1. Install TensorFlow: Ensure TensorFlow is set up on your computer. Using pip, you can install it:

    pip install tensorflow

    2. Import the required libraries:

    import tensorflow as tf

    from tensorflow.keras import layers

    3. Get your data ready: Your dataset should be divided into training and testing sets. Additionally, if necessary, normalize or preprocess the data.

    4. Construct the neural network model: Utilise the TensorFlow-included Keras API to specify the ANN's design.

    import numpy as np

    def sigmoid(x):

        return 1 / (1 + np.exp(-x))

    def sigmoid_derivative(x):

        return sigmoid(x) * (1 - sigmoid(x))

    class NeuralNetwork:

        def __init__(self, layer_sizes):

            self.layer_sizes = layer_sizes

            self.num_layers = len(layer_sizes)

            self.weights = [np.random.randn(layer_sizes[i], layer_sizes[i-1]) for i in range(1, self.num_layers)]

            self.biases = [np.random.randn(layer_sizes[i], 1) for i in range(1, self.num_layers)]

        def forward_propagation(self, X):

            activations = [X]

            zs = []

            for i in range (self.num_layers - 1):

                z = np.dot(self.weights[i], activations[-1]) + self.biases[i]

                zs.append(z)

                activation = sigmoid(z)

                activations.append(activation)

            return activations, zs

        def train (self, X, y, num_epochs, learning_rate):

            for epoch in range(num_epochs):

                activations, zs = self.forward_propagation(X)

                num_examples = y.shape[1]

                delta = activations [-1] - y

                gradients = [np.dot (delta, activations[-2].T) / num_examples]

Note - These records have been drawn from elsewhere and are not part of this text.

lemma
  shows integrable_sq_residual: "integrable (Qtheta N q) (sq_residual N \<sigma> \<mu> x)"
    and integral_sq_residual: "(\<integral>\<theta>. sq_residual N \<sigma> \<mu> x \<theta> \<partial>Qtheta N q) = (\<Sum>n = 1..N. residual n (x n))"
proof -
  have meas: "(\<lambda>t::real. (- \<sigma> n * ln (1 / t - 1) + \<mu> n - x n)\<^sup>2) \<in> borel_measurable borel" for n
    by measurable
  have int: "integrable (Qtheta N q) (\<lambda>\<theta>. (- \<sigma> n * ln (1 / \<theta> n - 1) + \<mu> n - x n)\<^sup>2)"
    if "n \<in> {1..N}" for n
    using integrable_Qtheta_component_iff[OF that meas] set_integrable_residual[OF that] by simp
  show "integrable (Qtheta N q) (sq_residual N \<sigma> \<mu> x)"
    unfolding sq_residual_def by (intro Bochner_Integration.integrable_sum int)
  show "(\<integral>\<theta>. sq_residual N \<sigma> \<mu> x \<theta> \<partial>Qtheta N q) = (\<Sum>n = 1..N. residual n (x n))"
    unfolding sq_residual_def residual_def
    by (subst Bochner_Integration.integral_sum[OF int])
       (assumption, intro sum.cong refl integral_Qtheta_component[OF _ meas])
qed

lemma
  shows integrable_var_loglik_sq_residual:
      "integrable (Qtheta N q) (\<lambda>\<theta>. var_loglik A (sq_residual N \<sigma> \<mu> x \<theta> / 2) d)"
    and integral_var_loglik_sq_residual:
      "(\<integral>\<theta>. var_loglik A (sq_residual N \<sigma> \<mu> x \<theta> / 2) d \<partial>Qtheta N q)
        = var_loglik A ((\<Sum>n = 1..N. residual n (x n)) / 2) d"
proof -
  interpret Q: prob_space "Qtheta N q" by (rule prob_space_Qtheta)
  have eq: "var_loglik A (S / 2) d = - A * ln d - S / (2 * d)" for S
    unfolding var_loglik_def by simp
  show "integrable (Qtheta N q) (\<lambda>\<theta>. var_loglik A (sq_residual N \<sigma> \<mu> x \<theta> / 2) d)"
    unfolding eq using integrable_sq_residual by simp
  show "(\<integral>\<theta>. var_loglik A (sq_residual N \<sigma> \<mu> x \<theta> / 2) d \<partial>Qtheta N q)
        = var_loglik A ((\<Sum>n = 1..N. residual n (x n)) / 2) d"
    unfolding eq using integrable_sq_residual
    by (simp add: Bochner_Integration.integral_diff integral_sq_residual Q.prob_space)
qed

definition expected_loglik :: "real \<Rightarrow> real \<Rightarrow> nat \<Rightarrow> (nat \<Rightarrow> real) \<Rightarrow> real \<Rightarrow> (nat \<Rightarrow> real) \<Rightarrow> real" where
  "expected_loglik M Y m x \<delta>2 \<Sigma> = var_loglik M (Y / 2) (\<Sigma> m)
     + var_loglik (real N / 2) ((\<Sum>n = 1..N. residual n (x n)) / 2) \<delta>2"

lemma integral_logjoint_diff:
  fixes y :: "complex ^ 'm"
  assumes m: "m \<le> N" and pos: "0 < \<delta>2" "0 < \<Sigma> m" "0 < \<delta>2'" "0 < \<Sigma>' m"
    and int: "integrable (Qtheta N q) (\<lambda>\<theta>. logjoint N \<sigma> \<mu> y m \<theta> x \<delta>2 \<Sigma>)"
      "integrable (Qtheta N q) (\<lambda>\<theta>. logjoint N \<sigma> \<mu> y m \<theta> x' \<delta>2' \<Sigma>')"
  shows "(\<integral>\<theta>. logjoint N \<sigma> \<mu> y m \<theta> x \<delta>2 \<Sigma> \<partial>Qtheta N q)
       - (\<integral>\<theta>. logjoint N \<sigma> \<mu> y m \<theta> x' \<delta>2' \<Sigma>' \<partial>Qtheta N q)
     = expected_loglik CARD('m) ((norm y)\<^sup>2) m x \<delta>2 \<Sigma>
       - expected_loglik CARD('m) ((norm y)\<^sup>2) m x' \<delta>2' \<Sigma>'"
proof -
  define f where "f x \<delta>2 \<Sigma> \<theta> = var_loglik CARD('m) ((norm y)\<^sup>2 / 2) (\<Sigma> m)
    + var_loglik (real N / 2) (sq_residual N \<sigma> \<mu> x \<theta> / 2) \<delta>2" for x \<delta>2 \<Sigma> \<theta>
  have f_int: "integrable (Qtheta N q) (f x \<delta>2 \<Sigma>)"
    and f_integral: "integral\<^sup>L (Qtheta N q) (f x \<delta>2 \<Sigma>) = expected_loglik CARD('m) ((norm y)\<^sup>2) m x \<delta>2 \<Sigma>"
    for x \<delta>2 \<Sigma>
  proof -
    interpret Q: prob_space "Qtheta N q" by (rule prob_space_Qtheta)
    show "integrable (Qtheta N q) (f x \<delta>2 \<Sigma>)"
      unfolding f_def by (intro Bochner_Integration.integrable_add integrable_var_loglik_sq_residual) simp
    show "integral\<^sup>L (Qtheta N q) (f x \<delta>2 \<Sigma>) = expected_loglik CARD('m) ((norm y)\<^sup>2) m x \<delta>2 \<Sigma>"
      unfolding f_def expected_loglik_def using integrable_var_loglik_sq_residual
      by (simp add: Bochner_Integration.integral_add integral_var_loglik_sq_residual Q.prob_space)
  qed
  \<comment> \<open>the parameter-free part of the log-joint cancels almost surely\<close>
  have "AE \<theta> in Qtheta N q. logjoint N \<sigma> \<mu> y m \<theta> x \<delta>2 \<Sigma> - f x \<delta>2 \<Sigma> \<theta>
      = logjoint N \<sigma> \<mu> y m \<theta> x' \<delta>2' \<Sigma>' - f x' \<delta>2' \<Sigma>' \<theta>"
    using AE_Qtheta_unit_cube
  proof eventually_elim
    case (elim \<theta>)
    have \<sigma>: "\<forall>n\<in>{1..N}. 0 < \<sigma> n" using \<sigma>_pos by simp
    show ?case
      using logjoint_split[where \<Sigma> = \<Sigma> and y = y and x = x, OF \<sigma> elim m pos(1,2)]
        logjoint_split[where \<Sigma> = \<Sigma>' and y = y and x = x', OF \<sigma> elim m pos(3,4)]
      unfolding f_def by simp
  qed
  then have "integral\<^sup>L (Qtheta N q) (\<lambda>\<theta>. logjoint N \<sigma> \<mu> y m \<theta> x \<delta>2 \<Sigma> - f x \<delta>2 \<Sigma> \<theta>)
      = integral\<^sup>L (Qtheta N q) (\<lambda>\<theta>. logjoint N \<sigma> \<mu> y m \<theta> x' \<delta>2' \<Sigma>' - f x' \<delta>2' \<Sigma>' \<theta>)"
    using int f_int by (intro integral_cong_AE borel_measurable_integrable Bochner_Integration.integrable_diff)
  then show ?thesis
    using int f_int by (simp add: Bochner_Integration.integral_diff f_integral)
qed

end

section \<open>The M-step\<close>

lemma quadratic_ge_vertex:
  fixes A K d :: real
  assumes "0 < A"
  shows "A * (K / A)\<^sup>2 - 2 * (K / A) * K \<le> A * d\<^sup>2 - 2 * d * K"
proof -
  have "A * d\<^sup>2 - 2 * d * K - (A * (K / A)\<^sup>2 - 2 * (K / A) * K) = (A * d - K)\<^sup>2 / A"
    using assms by (simp add: field_simps power2_eq_square)
  moreover have "0 \<le> (A * d - K)\<^sup>2 / A" using assms by simp
  ultimately show ?thesis by linarith
qed

lemma least_squares_line:
  fixes S :: "nat \<Rightarrow> real"
  assumes N: "1 \<le> N"
  defines "Sbar \<equiv> (1 / real (N + 1)) * (\<Sum>m = 0..N. S m)"
  defines "sh \<equiv> (\<Sum>m = 0..N. (real m - real N / 2) * (S m - Sbar)) / (\<Sum>m = 0..N. (real m - real N / 2)\<^sup>2)"
  defines "sw \<equiv> Sbar - real N / 2 * sh"
  shows "(\<Sum>m = 0..N. (S m - (sw + real m * sh))\<^sup>2) \<le> (\<Sum>m = 0..N. (S m - (b + real m * a))\<^sup>2)"
proof -
  define D where "D = (\<Sum>m = 0..N. (real m - real N / 2)\<^sup>2)"
  define r where "r m = S m - (sw + real m * sh)" for m
  have "0 < D" unfolding D_def by (rule sum_pos2[of _ 0]) (use N in auto)
  have centered: "(\<Sum>m = 0..N. real m - real N / 2) = 0"
    using double_arith_series[of "- real N / 2" 1 N] by simp
  have r_eq: "r m = (S m - Sbar) - (real m - real N / 2) * sh" for m
    unfolding r_def sw_def by (simp add: algebra_simps)
  have normal0: "(\<Sum>m = 0..N. r m) = 0"
  proof -
    have "(\<Sum>m = 0..N. r m) = (\<Sum>m = 0..N. S m - Sbar) - (\<Sum>m = 0..N. (real m - real N / 2) * sh)"
      unfolding r_eq by (rule sum_subtractf)
    also have "(\<Sum>m = 0..N. (real m - real N / 2) * sh) = (\<Sum>m = 0..N. real m - real N / 2) * sh"
      by (rule sum_distrib_right[symmetric])
    finally show ?thesis unfolding centered by (simp add: Sbar_def sum_subtractf del: of_nat_Suc)
  qed
  have normal1: "(\<Sum>m = 0..N. (real m - real N / 2) * r m) = 0"
  proof -
    have "(\<Sum>m = 0..N. (real m - real N / 2) * r m)
        = (\<Sum>m = 0..N. (real m - real N / 2) * (S m - Sbar)) - sh * D"
      unfolding r_eq D_def right_diff_distrib sum_subtractf sum_distrib_left
      by (simp add: power2_eq_square mult_ac)
    then show ?thesis unfolding sh_def D_def[symmetric] using \<open>0 < D\<close> by simp
  qed
  define \<beta> where "\<beta> = sh - a"
  define \<alpha> where "\<alpha> = sw - b + real N / 2 * \<beta>"
  have split: "S m - (b + real m * a) = r m + (\<alpha> + (real m - real N / 2) * \<beta>)" for m
    unfolding r_def \<alpha>_def \<beta>_def by (simp add: algebra_simps)
  have pointwise: "(S m - (b + real m * a))\<^sup>2 = (r m)\<^sup>2 + 2 * \<alpha> * r m
      + 2 * \<beta> * ((real m - real N / 2) * r m) + (\<alpha> + (real m - real N / 2) * \<beta>)\<^sup>2" for m
    unfolding split power2_eq_square by (simp add: algebra_simps)
  have "(\<Sum>m = 0..N. (S m - (b + real m * a))\<^sup>2) = (\<Sum>m = 0..N. (r m)\<^sup>2)
      + 2 * \<alpha> * (\<Sum>m = 0..N. r m) + 2 * \<beta> * (\<Sum>m = 0..N. (real m - real N / 2) * r m)
      + (\<Sum>m = 0..N. (\<alpha> + (real m - real N / 2) * \<beta>)\<^sup>2)"
    unfolding pointwise by (simp add: sum.distrib sum_distrib_left)
  also have "\<dots> \<ge> (\<Sum>m = 0..N. (r m)\<^sup>2)"
    unfolding normal0 normal1 by (simp add: sum_nonneg)
  finally show ?thesis unfolding r_def .
qed

locale m_step =
  fixes N L :: nat and y :: "nat \<Rightarrow> complex ^ 'm" and \<mu> \<sigma> :: "nat \<Rightarrow> real"
    and qT :: "nat \<Rightarrow> nat \<Rightarrow> real" and q :: "nat \<Rightarrow> nat \<Rightarrow> real \<Rightarrow> real"
  assumes N: "1 \<le> N" and L: "1 \<le> L"
    and slot: "\<And>i. i \<in> {1..L} \<Longrightarrow> residual_slot N (q i) \<sigma>"
    and qT_nonneg: "\<And>i m. i \<in> {1..L} \<Longrightarrow> m \<in> {0..N} \<Longrightarrow> 0 \<le> qT i m"
    and qT_sum: "\<And>i. i \<in> {1..L} \<Longrightarrow> (\<Sum>m = 0..N. qT i m) = 1"
    and logjoint_integrable: "\<And>i m x \<delta>2 \<Sigma>. i \<in> {1..L} \<Longrightarrow> m \<in> {0..N} \<Longrightarrow> 0 < \<delta>2 \<Longrightarrow>
      \<forall>k\<in>{0..N}. 0 < \<Sigma> k \<Longrightarrow> integrable (Qtheta N (q i)) (\<lambda>\<theta>. logjoint N \<sigma> \<mu> (y i) m \<theta> x \<delta>2 \<Sigma>)"
    and energy_pos: "\<And>m. m \<in> {0..N} \<Longrightarrow> 0 < (\<Sum>i = 1..L. qT i m * (norm (y i))\<^sup>2)"
begin

abbreviation residual :: "nat \<Rightarrow> nat \<Rightarrow> real \<Rightarrow> real" where
  "residual i \<equiv> residual_slot.residual (q i) \<sigma> \<mu>"

definition weight :: "nat \<Rightarrow> real" where
  "weight m = (\<Sum>i = 1..L. qT i m)"

definition energy :: "nat \<Rightarrow> real" where
  "energy m = (\<Sum>i = 1..L. qT i m * (norm (y i))\<^sup>2)"

definition total_residual :: "(nat \<Rightarrow> real) \<Rightarrow> real" where
  "total_residual x = (\<Sum>i = 1..L. \<Sum>n = 1..N. residual i n (x n))"

definition reduced_obj :: "(nat \<Rightarrow> real) \<Rightarrow> real \<Rightarrow> (nat \<Rightarrow> real) \<Rightarrow> real" where
  "reduced_obj x \<delta>2 \<Sigma> = (\<Sum>m = 0..N. var_loglik (CARD('m) * weight m) (energy m / 2) (\<Sigma> m))
     + var_loglik (real L * real N / 2) (total_residual x / 2) \<delta>2"

definition x_opt :: "nat \<Rightarrow> real" where
  "x_opt = (\<lambda>n. \<mu> n - (1 / real L) *
     (\<Sum>i = 1..L. LINT t:{0<..<1}|lborel. q i n t * \<sigma> n * ln (1 / t - 1)))"

definition \<delta>_opt :: real where
  "\<delta>_opt = (1 / (real L * real N)) *
     (\<Sum>i = 1..L. \<Sum>n = 1..N. LINT t:{0<..<1}|lborel.
        q i n t * (- \<sigma> n * ln (1 / t - 1) + \<mu> n - x_opt n)\<^sup>2)"

definition \<Sigma>_opt :: "nat \<Rightarrow> real" where
  "\<Sigma>_opt = (\<lambda>m. (\<Sum>i = 1..L. qT i m * (norm (y i))\<^sup>2) /
     (2 * real CARD('m) * (\<Sum>i = 1..L. qT i m)))"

                biases_gradients = [np.sum(delta, axis=1, keepdims=True) / num_examples]

                for i in range (self.num_layers - 3, -1, -1):

                    delta = np.dot(self.weights[i+1].T, delta) * sigmoid_derivative(zs[i])

                    gradients.insert(0, np.dot(delta, activations[i].T) / num_examples)

                    biases_gradients.insert(0, np.sum(delta, axis=1, keepdims=True) / num_examples)

                for i in range (self.num_layers - 2, -1, -1):

                    self.weights[i] -= learning_rate * gradients[i]

                    self.biases[i] -= learning_rate * biases_gradients[i]

    X = np.array([[0, 0], [0, 1], [1, 0], [1, 1]]).T

    y = np.array([[0, 1, 1, 0]])

    nn = NeuralNetwork([2, 2, 1])

    # Train the neural network

    nn.train(X, y, num_epochs=10000, learning_rate=0.1)

    activations, _ = nn.forward_propagation(X)

    predictions = activations [-1]

    print ("Predictions:", predictions)

    Output:

    Predictions: [[0.02144561 0.97219714 0.97240426 0.01874537]]

    The anticipated output for each member in the array corresponds to the associated input example. In the predictions array, the first member, for instance, represents the forecast for the initial input [0, 0], which is around 0.0276. The second element, which is around 0.9722, corresponds to the forecast for [0, 1], and so on.

    With practice, the neural network may provide results that are near 0 for inputs [0, 0] and [1, 1] and results that are close to 1 for inputs [0, 1] and [1, 0].